Content starts

lemma hgap_LIMSEQ_zero:
  assumes "norm A < 1" "norm B < 1" "norm p < 1"
  shows "hgap A B z p \<longlonglongrightarrow> 0"
proof -
  define H where "H m = qpoch A p (Suc m) * qpoch z p m / qpoch p p m * htail A z p (Suc m) * B ^ Suc m"
    for m
  have "H \<longlonglongrightarrow> 0"
  proof (rule Lim_null_comparison)
    show "\<forall>\<^sub>F m in sequentially. norm (H m) \<le> hbound (norm z) (norm p) * norm B ^ Suc m"
    proof (intro always_eventually allI)
      fix m
      have "norm (H m) = norm (qpoch A p (Suc m) * qpoch z p m / qpoch p p m * htail A z p (Suc m))
          * norm B ^ Suc m"
        unfolding H_def norm_mult[of _ "B ^ Suc m"] norm_power ..
      also have "\<dots> \<le> hbound (norm z) (norm p) * norm B ^ Suc m"
        using assms by (intro mult_right_mono norm_hterm_factor_le) auto
      finally show "norm (H m) \<le> hbound (norm z) (norm p) * norm B ^ Suc m" .
    qed
    show "(\<lambda>m. hbound (norm z) (norm p) * norm B ^ Suc m) \<longlonglongrightarrow> 0"
      using assms by (intro tendsto_mult_right_zero LIMSEQ_Suc LIMSEQ_power_zero) auto
  qed
  moreover have "(\<lambda>m. gap_coeff A B p z (p ^ Suc m)) \<longlonglongrightarrow> gap_coeff A B p z 0"
  proof (rule isCont_tendsto_compose[of _ "gap_coeff A B p z"])
    have "isCont (\<lambda>P. gap_num A B p z P * (1 / (p * (1 - A*B*p\<^sup>2) * (1 - A) * (1 - B)))) 0"
      unfolding gap_num_def by (intro continuous_intros)
    then show "isCont (gap_coeff A B p z) 0"
      by (simp add: gap_coeff_def[abs_def])
    show "(\<lambda>m. p ^ Suc m) \<longlonglongrightarrow> 0"
      using assms by (intro LIMSEQ_Suc LIMSEQ_power_zero) auto
  qed
  ultimately have "(\<lambda>m. H m * gap_coeff A B p z (p ^ Suc m)) \<longlonglongrightarrow> 0 * gap_coeff A B p z 0"
    by (rule tendsto_mult)
  moreover have "hgap A B z p (Suc m) = H m * gap_coeff A B p z (p ^ Suc m)" for m
    by (simp add: H_def)
  ultimately have "(\<lambda>m. hgap A B z p (Suc m)) \<longlonglongrightarrow> 0"
    by simp
  then show ?thesis
    by (rule LIMSEQ_imp_Suc)
qed

lemma hseries_contiguous:
  assumes A: "norm A < 1" and B: "norm B < 1" and p: "norm p < 1" "p \<noteq> 0"
  shows "hseries A B z p
    = (1 + contig_c A B p * z) * shift_ratio1 A B p * hseries (A*p) (B*p) z p
      + contig_d A B p * (z\<^sup>2/p) * shift_ratio2 A B p * hseries (A*p\<^sup>2) (B*p\<^sup>2) z p"
proof -
  define k1 where "k1 = (1 + contig_c A B p * z) * shift_ratio1 A B p"
  define k2 where "k2 = contig_d A B p * (z\<^sup>2/p) * shift_ratio2 A B p"
  define D where "D k = hterm A B z p k - k1 * hterm (A*p) (B*p) z p k" for k
  have small: "norm (X * p ^ k) < 1" if "norm X < 1" for X k
    using norm_mult_power_less_one[OF that, of p k] p by simp
  have sums: "hterm X Y z p sums hseries X Y z p" if "norm X < 1" "norm Y < 1" for X Y
    unfolding hseries_def using that p by (intro summable_sums summable_hterm) auto
  have "D sums (hseries A B z p - k1 * hseries (A*p) (B*p) z p)"
    unfolding D_def using small[of A 1] small[of B 1] A B
    by (intro sums_diff sums_mult sums) auto
  then have "(\<lambda>m. D (Suc m)) sums (hseries A B z p - k1 * hseries (A*p) (B*p) z p - D 0)"
    using sums_split_initial_segment[of D _ 1] by simp
  moreover have "(\<lambda>m. D (Suc m)) sums (0 - hgap A B z p (Suc 0) + k2 * hseries (A*p\<^sup>2) (B*p\<^sup>2) z p)"
  proof -
    have "(\<lambda>m. hgap A B z p (Suc (Suc m)) - hgap A B z p (Suc m)) sums (0 - hgap A B z p (Suc 0))"
      using hgap_LIMSEQ_zero[OF A B p(1), of z] by (intro telescope_sums LIMSEQ_Suc)
    moreover have "(\<lambda>m. k2 * hterm (A*p\<^sup>2) (B*p\<^sup>2) z p m) sums (k2 * hseries (A*p\<^sup>2) (B*p\<^sup>2) z p)"
      using small[of A 2] small[of B 2] A B by (intro sums_mult sums) auto
    ultimately have "(\<lambda>m. (hgap A B z p (Suc (Suc m)) - hgap A B z p (Suc m))
        + k2 * hterm (A*p\<^sup>2) (B*p\<^sup>2) z p m) sums (0 - hgap A B z p (Suc 0) + k2 * hseries (A*p\<^sup>2) (B*p\<^sup>2) z p)"
      by (rule sums_add)
    moreover have "D (Suc m) = (hgap A B z p (Suc (Suc m)) - hgap A B z p (Suc m))
        + k2 * hterm (A*p\<^sup>2) (B*p\<^sup>2) z p m" for m
      using hterm_contiguous_Suc[OF A B p, of z m] unfolding D_def k1_def k2_def
      by (simp only: diff_eq_eq)
    ultimately show ?thesis
      by simp
  qed
  ultimately have "hseries A B z p - k1 * hseries (A*p) (B*p) z p - D 0
      = 0 - hgap A B z p (Suc 0) + k2 * hseries (A*p\<^sup>2) (B*p\<^sup>2) z p"
    by (rule sums_unique2)
  moreover have "D 0 = hgap A B z p (Suc 0)"
    unfolding D_def k1_def by (rule hterm_contiguous_0[OF A B p])
  ultimately show ?thesis
    by (simp add: k1_def k2_def algebra_simps)
qed

section \<open>Contiguity and asymptotics of \<open>\<Phi>\<close>\<close>

lemma Phi_eq_hseries:
  fixes p \<alpha> \<beta> :: real
  assumes p: "0 < p"
  shows "Phi p \<alpha> \<beta> y = qpoch_inf (of_real (p powr (\<beta> + 1))) (of_real p)
      / qpoch_inf (of_real (p powr (\<alpha> + 1)) * of_real (p powr (\<beta> + 1))) (of_real p)
      * hseries (of_real (p powr (\<alpha> + 1))) (of_real (p powr (\<beta> + 1))) (of_real (p powr (1/2)) * y)
          (of_real p)"
proof -
  have "(p powr (\<beta> + 1)) ^ k = p powr (real k * (\<beta> + 1))" for k
    using p by (simp add: powr_power)
  then have e1: "complex_of_real (p powr ((\<beta> + 1) * real k)) = complex_of_real (p powr (\<beta> + 1)) ^ k" for k
    by (simp add: mult.commute flip: of_real_power)
  have "p powr (\<alpha> + 3/2 + real k) = p powr (\<alpha> + 1) * p powr (1/2) * p ^ k" for k
    by (rule powr_add_add_nat[OF p]) simp
  then have e2: "- complex_of_real (p powr (\<alpha> + 3/2 + real k)) * y
      = - (of_real (p powr (\<alpha> + 1)) * (of_real (p powr (1/2)) * y) * of_real p ^ k)" for k
    by (simp add: mult_ac)
  have "p powr (\<alpha> + \<beta> + 2) = p powr (\<alpha> + 1) * p powr (\<beta> + 1) * p ^ 0"
    by (rule powr_add_add_nat[OF p]) simp
  then have e3: "complex_of_real (p powr (\<alpha> + \<beta> + 2))
      = complex_of_real (p powr (\<alpha> + 1)) * complex_of_real (p powr (\<beta> + 1))"
    by simp
  show ?thesis
    unfolding Phi_def hseries_def hterm_def htail_def e1 e2 e3 ..
qed

lemma Phi_eq_hseries_shift:
  fixes p \<alpha> \<beta> :: real
  defines "A \<equiv> complex_of_real (p powr (\<alpha> + 1))" and "B \<equiv> complex_of_real (p powr (\<beta> + 1))"
    and "P \<equiv> complex_of_real p"
  assumes p: "0 < p"
  shows "Phi p (\<alpha> + real k) (\<beta> + real k) y = qpoch_inf (B * P ^ k) P / qpoch_inf (A * P ^ k * (B * P ^ k)) P
    * hseries (A * P ^ k) (B * P ^ k) (of_real (p powr (1/2)) * y) P"
proof -
  have "p powr (\<alpha> + real k + 1) = p powr (\<alpha> + 1) * p ^ k" "p powr (\<beta> + real k + 1) = p powr (\<beta> + 1) * p ^ k"
    by (rule powr_add_nat[OF p]; simp)+
  then show ?thesis
    using Phi_eq_hseries[OF p, of "\<alpha> + real k" "\<beta> + real k" y] by (simp add: A_def B_def P_def)
qed

lemma divide_eq_rescaled:
  fixes X0 X1 Y0 Y1 c d :: "'a::field"
  assumes "X0 = c * X1" "Y0 = d * Y1" "c \<noteq> 0" "Y0 \<noteq> 0"
  shows "X1 / Y1 = X0 / Y0 * (d / c)"
  using assms by (simp add: field_simps)

lemma qpoch_inf_ratio_shift1:
  assumes "norm A < 1" "norm B < 1" "norm p < 1"
  shows "qpoch_inf (B*p) p / qpoch_inf (A*p*(B*p)) p = qpoch_inf B p / qpoch_inf (A*B) p * shift_ratio1 A B p"
proof -
  note nz = contig_denoms_nonzero[OF assms]
  have "qpoch_inf (A*B) p = (1 - A*B) * (1 - A*B*p) * qpoch_inf (A*p*(B*p)) p"
    using qpoch_inf_shift[OF assms(3), of "A*B"] qpoch_inf_shift[OF assms(3), of "A*B*p"]
    by (simp add: mult_ac)
  moreover have "qpoch_inf (A*B) p \<noteq> 0"
    using assms norm_mult_less[of A 1 B 1] by (intro qpoch_inf_nonzero) auto
  ultimately show ?thesis
    unfolding shift_ratio1_def
    by (intro divide_eq_rescaled qpoch_inf_shift[OF assms(3)]) (use nz in simp_all)
qed

lemma qpoch_inf_ratio_shift2:
  assumes "norm A < 1" "norm B < 1" "norm p < 1"
  shows "qpoch_inf (B*p\<^sup>2) p / qpoch_inf (A*p\<^sup>2*(B*p\<^sup>2)) p
    = qpoch_inf B p / qpoch_inf (A*B) p * shift_ratio2 A B p"
proof -
  note nz = contig_denoms_nonzero[OF assms]
  have "qpoch_inf B p = ((1 - B) * (1 - B*p)) * qpoch_inf (B*p\<^sup>2) p"
    using qpoch_inf_shift[OF assms(3), of B] qpoch_inf_shift[OF assms(3), of "B*p"]
    by (simp add: power2_eq_square mult_ac)
  moreover have "qpoch_inf (A*B) p
      = ((1 - A*B) * (1 - A*B*p) * (1 - A*B*p\<^sup>2) * (1 - A*B*p^3)) * qpoch_inf (A*p\<^sup>2*(B*p\<^sup>2)) p"
    using qpoch_inf_shift[OF assms(3), of "A*B"] qpoch_inf_shift[OF assms(3), of "A*B*p"]
      qpoch_inf_shift[OF assms(3), of "A*B*p*p"] qpoch_inf_shift[OF assms(3), of "A*B*p*p*p"]
    by (simp add: mult_ac power2_eq_square power3_eq_cube)
  moreover have "qpoch_inf (A*B) p \<noteq> 0"
    using assms norm_mult_less[of A 1 B 1] by (intro qpoch_inf_nonzero) auto
  ultimately show ?thesis
    unfolding shift_ratio2_def by (intro divide_eq_rescaled) (use nz in simp_all)
qed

Content ends

◆ EXERCISE REQUIREMENTS
Taking the lines above, repeat exactly those from the line that contains "p m) sums (0" through the line that contains "(Suc m) = (hgap", and both of those lines as well. Include nothing else.

◆ WRITTEN ANSWER
        + k2 * hterm (A*p\<^sup>2) (B*p\<^sup>2) z p m) sums (0 - hgap A B z p (Suc 0) + k2 * hseries (A*p\<^sup>2) (B*p\<^sup>2) z p)"
      by (rule sums_add)
    moreover have "D (Suc m) = (hgap A B z p (Suc (Suc m)) - hgap A B z p (Suc m))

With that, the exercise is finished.